Pick every line out of the entries below that has the string "also", and copy it.

--- START ---

lemma convex_cone_feasible_directions:
  assumes "convex S" "x \<in> S"
  shows "convex_cone (feasible_directions S x)"
  unfolding convex_cone_iff
proof (intro conjI ballI allI impI)
  show "0 \<in> feasible_directions S x"
    using assms(2) by (auto simp: feasible_directions_def intro: exI[of _ 1])
next
  fix d e assume "d \<in> feasible_directions S x" "e \<in> feasible_directions S x"
  then obtain t1 t2 where "t1 > 0" "x + t1 *\<^sub>R d \<in> S" "t2 > 0" "x + t2 *\<^sub>R e \<in> S"
    by (auto simp: feasible_directions_def)
  define t where "t = min t1 t2"
  have "t > 0" "x + t *\<^sub>R d \<in> S" "x + t *\<^sub>R e \<in> S"
    using convex_segment_from_point[OF assms] \<open>t1 > 0\<close> \<open>t2 > 0\<close> \<open>x + t1 *\<^sub>R d \<in> S\<close> \<open>x + t2 *\<^sub>R e \<in> S\<close>
    by (auto simp: t_def)
  then have "(1 / 2) *\<^sub>R (x + t *\<^sub>R d) + (1 / 2) *\<^sub>R (x + t *\<^sub>R e) \<in> S"
    using assms(1) by (intro convexD) auto
  moreover have "(1 / 2) *\<^sub>R (x + t *\<^sub>R d) + (1 / 2) *\<^sub>R (x + t *\<^sub>R e)
      = (1 / 2 + 1 / 2) *\<^sub>R x + (t / 2) *\<^sub>R (d + e)"
    by (simp only: scaleR_add_left scaleR_add_right scaleR_scaleR) (simp add: algebra_simps)
  ultimately show "d + e \<in> feasible_directions S x"
    using \<open>t > 0\<close> unfolding feasible_directions_def by (auto intro!: exI[of _ "t / 2"])
next
  fix d and c :: real assume "d \<in> feasible_directions S x" "0 \<le> c"
  then obtain t where "t > 0" "x + t *\<^sub>R d \<in> S"
    by (auto simp: feasible_directions_def)
  show "c *\<^sub>R d \<in> feasible_directions S x"
  proof (cases "c = 0")
    case True
    then show ?thesis
      using assms(2) by (auto simp: feasible_directions_def intro: exI[of _ 1])
  next
    case False
    then have "x + (t / c) *\<^sub>R (c *\<^sub>R d) \<in> S" "t / c > 0"
      using \<open>0 \<le> c\<close> \<open>t > 0\<close> \<open>x + t *\<^sub>R d \<in> S\<close> by auto
    then show ?thesis
      by (auto simp: feasible_directions_def)
  qed
qed
(* Let $(M,\cdot,1)$ be a monoid, $\Sigma$ a finite alphabet and $L$ the set of all functions $\Sigma^*\to M$. Let $(g'_1,f'_1),\dots,(g'_n,f'_n)$, $n\ge0$, be factorizations on $L$ and let $r_1,\dots,r_n:\Sigma^*\to\Sigma^*$ be functions (word-transformations). For each $i$ put $(g_i,f_i)=(g'_i\circ\Delta_{r_i},\,f'_i\circ\Delta_{r_i})$. Let $(g,f)=(g_1,f_1)\ast\cdots\ast(g_n,f_n)$, i.e. $$g=\prod_{i=1}^n g_i\circ(f_{i-1}\circ\cdots\circ f_1),\qquad f=f_n\circ\cdots\circ f_1$$ (product taken in the order $i=1,\dots,n$). Then for every $\ell\in L$, $$g(\ell)\cdot f(\ell)=\Delta_{r_1\circ r_2\circ\cdots\circ r_n}(\ell)=\ell\circ r_1\circ r_2\circ\cdots\circ r_n,$$ where for $n=0$ the composite word-transformation is the identity (so the right side is $\ell$).
   Context: Let $F$ be the set of functions $L\to L$ and $G$ the set of functions $L\to M$; for $g,g'\in G$, $(g\cdot g')(\ell)=g(\ell)\cdot g'(\ell)$, and an empty product in $G$ is the constant function $1$, an empty composition in $F$ is the identity. A factorization on $L$ is a pair $(g,f)\in G\times F$ with $g(\ell)\cdot f(\ell)=\ell$ for all $\ell\in L$. For a word-transformation $r:\Sigma^*\to\Sigma^*$, $\Delta_r\in F$ is defined by $\Delta_r(\ell)=\ell\circ r$. The operation $\ast$ on $G\times F$ is $(g_1,f_1)\ast(g_2,f_2)=(g_1\cdot(g_2\circ f_1),f_2\circ f_1)$. For $m\in M$ and $\ell\in L$, $m\cdot\ell$ is the $M$-language $\gamma\mapsto m\cdot\ell(\gamma)$. *)

theory Defs
  imports Main
begin

type_synonym ('a, 'm) lang = "'a list \<Rightarrow> 'm"

definition lscale :: "'m::monoid_mult \<Rightarrow> ('a, 'm) lang \<Rightarrow> ('a, 'm) lang" where
  "lscale m l = (\<lambda>w. m * l w)"

definition Delta :: "('a list \<Rightarrow> 'a list) \<Rightarrow> ('a, 'm) lang \<Rightarrow> ('a, 'm) lang" where
  "Delta r l = l \<circ> r"

definition factorization ::
  "((('a, 'm::monoid_mult) lang \<Rightarrow> 'm) \<times> (('a, 'm) lang \<Rightarrow> ('a, 'm) lang)) \<Rightarrow> bool" where
  "factorization gf \<longleftrightarrow> (\<forall>l. lscale (fst gf l) (snd gf l) = l)"

definition star ::
  "((('a, 'm::monoid_mult) lang \<Rightarrow> 'm) \<times> (('a, 'm) lang \<Rightarrow> ('a, 'm) lang))
   \<Rightarrow> ((('a, 'm) lang \<Rightarrow> 'm) \<times> (('a, 'm) lang \<Rightarrow> ('a, 'm) lang))
   \<Rightarrow> ((('a, 'm) lang \<Rightarrow> 'm) \<times> (('a, 'm) lang \<Rightarrow> ('a, 'm) lang))" where
  "star p q = (\<lambda>l. fst p l * fst q (snd p l), snd q \<circ> snd p)"

definition star_list ::
  "((('a, 'm::monoid_mult) lang \<Rightarrow> 'm) \<times> (('a, 'm) lang \<Rightarrow> ('a, 'm) lang)) list
   \<Rightarrow> ((('a, 'm) lang \<Rightarrow> 'm) \<times> (('a, 'm) lang \<Rightarrow> ('a, 'm) lang))" where
  "star_list ps = foldr star ps (\<lambda>_. 1, id)"

end

theory Submission
  imports Defs
begin

text \<open>Call \<open>(g, f)\<close> a factorization of \<open>\<Delta> r\<close> if \<open>g \<ell> \<cdot> f \<ell> = \<Delta> r \<ell>\<close> for all \<open>\<ell>\<close>,
  so the factorizations are those of \<open>\<Delta> id\<close>. Precomposing with \<open>\<Delta> s\<close> turns a factorization
  of \<open>\<Delta> r\<close> into one of \<open>\<Delta> (s \<circ> r)\<close>; and since \<open>\<Delta> s\<close> commutes with the action of \<open>M\<close>,
  the product \<open>\<ast>\<close> of factorizations of \<open>\<Delta> r\<close> and \<open>\<Delta> s\<close> is a factorization of
  \<open>\<Delta> (r \<circ> s)\<close>.\<close>

definition Delta_factorization ::
  "('a list \<Rightarrow> 'a list) \<Rightarrow> ((('a, 'm::monoid_mult) lang \<Rightarrow> 'm) \<times> (('a, 'm) lang \<Rightarrow> ('a, 'm) lang))
   \<Rightarrow> bool" where
  "Delta_factorization r gf \<longleftrightarrow> (\<forall>l. lscale (fst gf l) (snd gf l) = Delta r l)"

lemma lscale_mult: "lscale (a * b) l = lscale a (lscale b l)"
  by (simp add: lscale_def mult.assoc)

lemma lscale_Delta: "lscale a (Delta r l) = Delta r (lscale a l)"
  by (simp add: lscale_def Delta_def o_def)

lemma Delta_Delta: "Delta r (Delta s l) = Delta (s \<circ> r) l"
  by (simp add: Delta_def o_assoc)

lemma factorization_iff_Delta_factorization_id:
  "factorization gf \<longleftrightarrow> Delta_factorization id gf"
  by (simp add: factorization_def Delta_factorization_def Delta_def)

lemma Delta_factorization_comp_Delta:
  assumes "Delta_factorization r (g, f)"
  shows "Delta_factorization (s \<circ> r) (g \<circ> Delta s, f \<circ> Delta s)"
  using assms by (simp add: Delta_factorization_def Delta_Delta)

lemma Delta_factorization_star:
  assumes p: "Delta_factorization r p" and q: "Delta_factorization s q"
  shows "Delta_factorization (r \<circ> s) (star p q)"
  unfolding Delta_factorization_def
proof
  fix l
  let ?k = "snd p l"
  have "lscale (fst (star p q) l) (snd (star p q) l)
      = lscale (fst p l) (lscale (fst q ?k) (snd q ?k))"
    by (simp add: star_def lscale_mult)
  also have "\<dots> = Delta s (lscale (fst p l) ?k)"
    using q by (simp add: Delta_factorization_def lscale_Delta)
  also have "\<dots> = Delta (r \<circ> s) l"
    using p by (simp add: Delta_factorization_def Delta_Delta)
  finally show "lscale (fst (star p q) l) (snd (star p q) l) = Delta (r \<circ> s) l" .
qed

lemma Delta_factorization_star_list:
  assumes "list_all2 Delta_factorization rs ps"
  shows "Delta_factorization (foldr (\<circ>) rs id) (star_list ps)"
  using assms
proof (induction rule: list_all2_induct)
  \<comment> \<open>\<open>comp_def\<close>: the simplifier turns \<open>id id\<close> into \<open>\<lambda>x. x\<close>, which no longer matches \<open>id\<close>\<close>
  case Nil
  show ?case
    by (simp add: star_list_def Delta_factorization_def lscale_def Delta_def comp_def)
next
  case (Cons r rs p ps)
  show ?case
    using Delta_factorization_star[OF Cons.hyps(1) Cons.IH] by (simp add: star_list_def comp_def)
qed

theorem lemma2:
  fixes facs :: "(((('a::finite), 'm::monoid_mult) lang \<Rightarrow> 'm) \<times> (('a, 'm) lang \<Rightarrow> ('a, 'm) lang)) list"
    and rs :: "('a list \<Rightarrow> 'a list) list"
  assumes "length rs = length facs"
    and "\<forall>p \<in> set facs. factorization p"
  shows "\<forall>l. (let gf = star_list (map2 (\<lambda>(g', f') r. (g' \<circ> Delta r, f' \<circ> Delta r)) facs rs)
              in lscale (fst gf l) (snd gf l) = Delta (foldr (\<circ>) rs id) l)"
proof -
  let ?ps = "map2 (\<lambda>(g', f') r. (g' \<circ> Delta r, f' \<circ> Delta r)) facs rs"
  have "list_all2 Delta_factorization rs ?ps"
    unfolding list_all2_conv_all_nth
  proof (intro conjI allI impI)
    fix i assume i: "i < length rs"
    obtain g f where gf: "facs ! i = (g, f)" by fastforce
    have "Delta_factorization id (g, f)"
      using assms i gf nth_mem[of i facs]
      by (simp add: factorization_iff_Delta_factorization_id)
    then show "Delta_factorization (rs ! i) (?ps ! i)"
      using Delta_factorization_comp_Delta[of id g f "rs ! i"] assms(1) i gf by simp
  qed (use assms(1) in simp)
  then show ?thesis
    using Delta_factorization_star_list by (simp add: Delta_factorization_def Let_def)
qed

end
theorem mainTheorem17:
  fixes M :: "'a measure" and p \<gamma> :: real
    and T :: "real \<Rightarrow> ('a \<Rightarrow> complex) \<Rightarrow> ('a \<Rightarrow> complex)"
    and f :: "'a \<Rightarrow> complex"
  assumes sf: "sigma_finite_measure M"
    and p: "1 \<le> p"
    and gam: "\<gamma> \<noteq> 0"
    and ops: "\<forall>t>0. \<forall>h\<in>Lp M p. T t h \<in> Lp M p"
    and f: "f \<in> Lp M p"
    and meas: "(\<lambda>(x, t). T t f x) \<in> borel_measurable (M \<Otimes>\<^sub>M restrict_space lborel {0<..})"
  defines "F \<equiv> (if \<gamma> > 0 then at_top else at_right (0::real))"
  shows "((maxfun (\<lambda>t. T t f) \<in> borel_measurable M
            \<and> (AE x in M. maxfun (\<lambda>t. T t f) x < \<infinity>)
            \<and> integrable M (\<lambda>x. enn2real (maxfun (\<lambda>t. T t f) x) powr p))
          \<longrightarrow> (SUP lam\<in>{0<..}. Jfun M p \<gamma> (\<lambda>t. T t f) lam)
                \<le> ennreal (1 / \<bar>\<gamma>\<bar> * (\<integral>x. enn2real (maxfun (\<lambda>t. T t f) x) powr p \<partial>M))
            \<and> (\<forall>g. (AE x in M. ((\<lambda>t. T t f x) \<longlongrightarrow> g x) (at_right 0))
                 \<longrightarrow> (Jfun M p \<gamma> (\<lambda>t. T t f) \<longlongrightarrow>
                       ennreal (1 / \<bar>\<gamma>\<bar>) * (\<integral>\<^sup>+ x. ennreal (norm (g x) powr p) \<partial>M)) F))
       \<and> (\<forall>g. (AE x in M. ((\<lambda>t. T t f x) \<longlongrightarrow> g x) (at_right 0))
            \<longrightarrow> ennreal (1 / \<bar>\<gamma>\<bar>) * (\<integral>\<^sup>+ x. ennreal (norm (g x) powr p) \<partial>M)
                  \<le> Liminf F (Jfun M p \<gamma> (\<lambda>t. T t f)))"
proof -
  \<comment> \<open>Extending \<open>T t f\<close> to \<open>t \<le> 0\<close> makes it measurable on \<open>M \<Otimes>\<^sub>M lborel\<close>.\<close>
  define \<Psi> where "\<Psi> t = T (if 0 < t then t else 1) f" for t
  have \<Psi>: "\<Psi> t x = T t f x" if "0 < t" for t x
    using that by (simp add: \<Psi>_def)
  have meas_\<Psi>: "(\<lambda>(x, t). \<Psi> t x) \<in> borel_measurable (M \<Otimes>\<^sub>M lborel)"
    unfolding \<Psi>_def by (rule measurable_extend_from_positive[OF meas])
  have lim_\<Psi>: "((\<lambda>t. T t f x) \<longlongrightarrow> l) (at_right 0) \<longleftrightarrow> ((\<lambda>t. \<Psi> t x) \<longlongrightarrow> l) (at_right 0)" for x l
    using eventually_at_right_less[of 0] by (intro tendsto_cong) (auto simp: \<Psi> elim: eventually_mono)
  have J: "Jfun M p \<gamma> (\<lambda>t. T t f) = Jfun M p \<gamma> \<Psi>" and S: "maxfun (\<lambda>t. T t f) = maxfun \<Psi>"
    using \<Psi> by (auto intro: Jfun_cong maxfun_cong)
  have "0 < p" using p by simp
  show ?thesis
    unfolding F_def lim_\<Psi> J S
    using SUP_Jfun_le_maxfun[OF meas_\<Psi> _ _ \<open>0 < p\<close> gam] tendsto_Jfun[OF meas_\<Psi> _ _ _ \<open>0 < p\<close> gam]
      Liminf_Jfun[OF meas_\<Psi> _ \<open>0 < p\<close> gam]
    by blast
qed

end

--- END ---

## Response to this task
  also have "\<dots> = Delta s (lscale (fst p l) ?k)"
  also have "\<dots> = Delta (r \<circ> s) l"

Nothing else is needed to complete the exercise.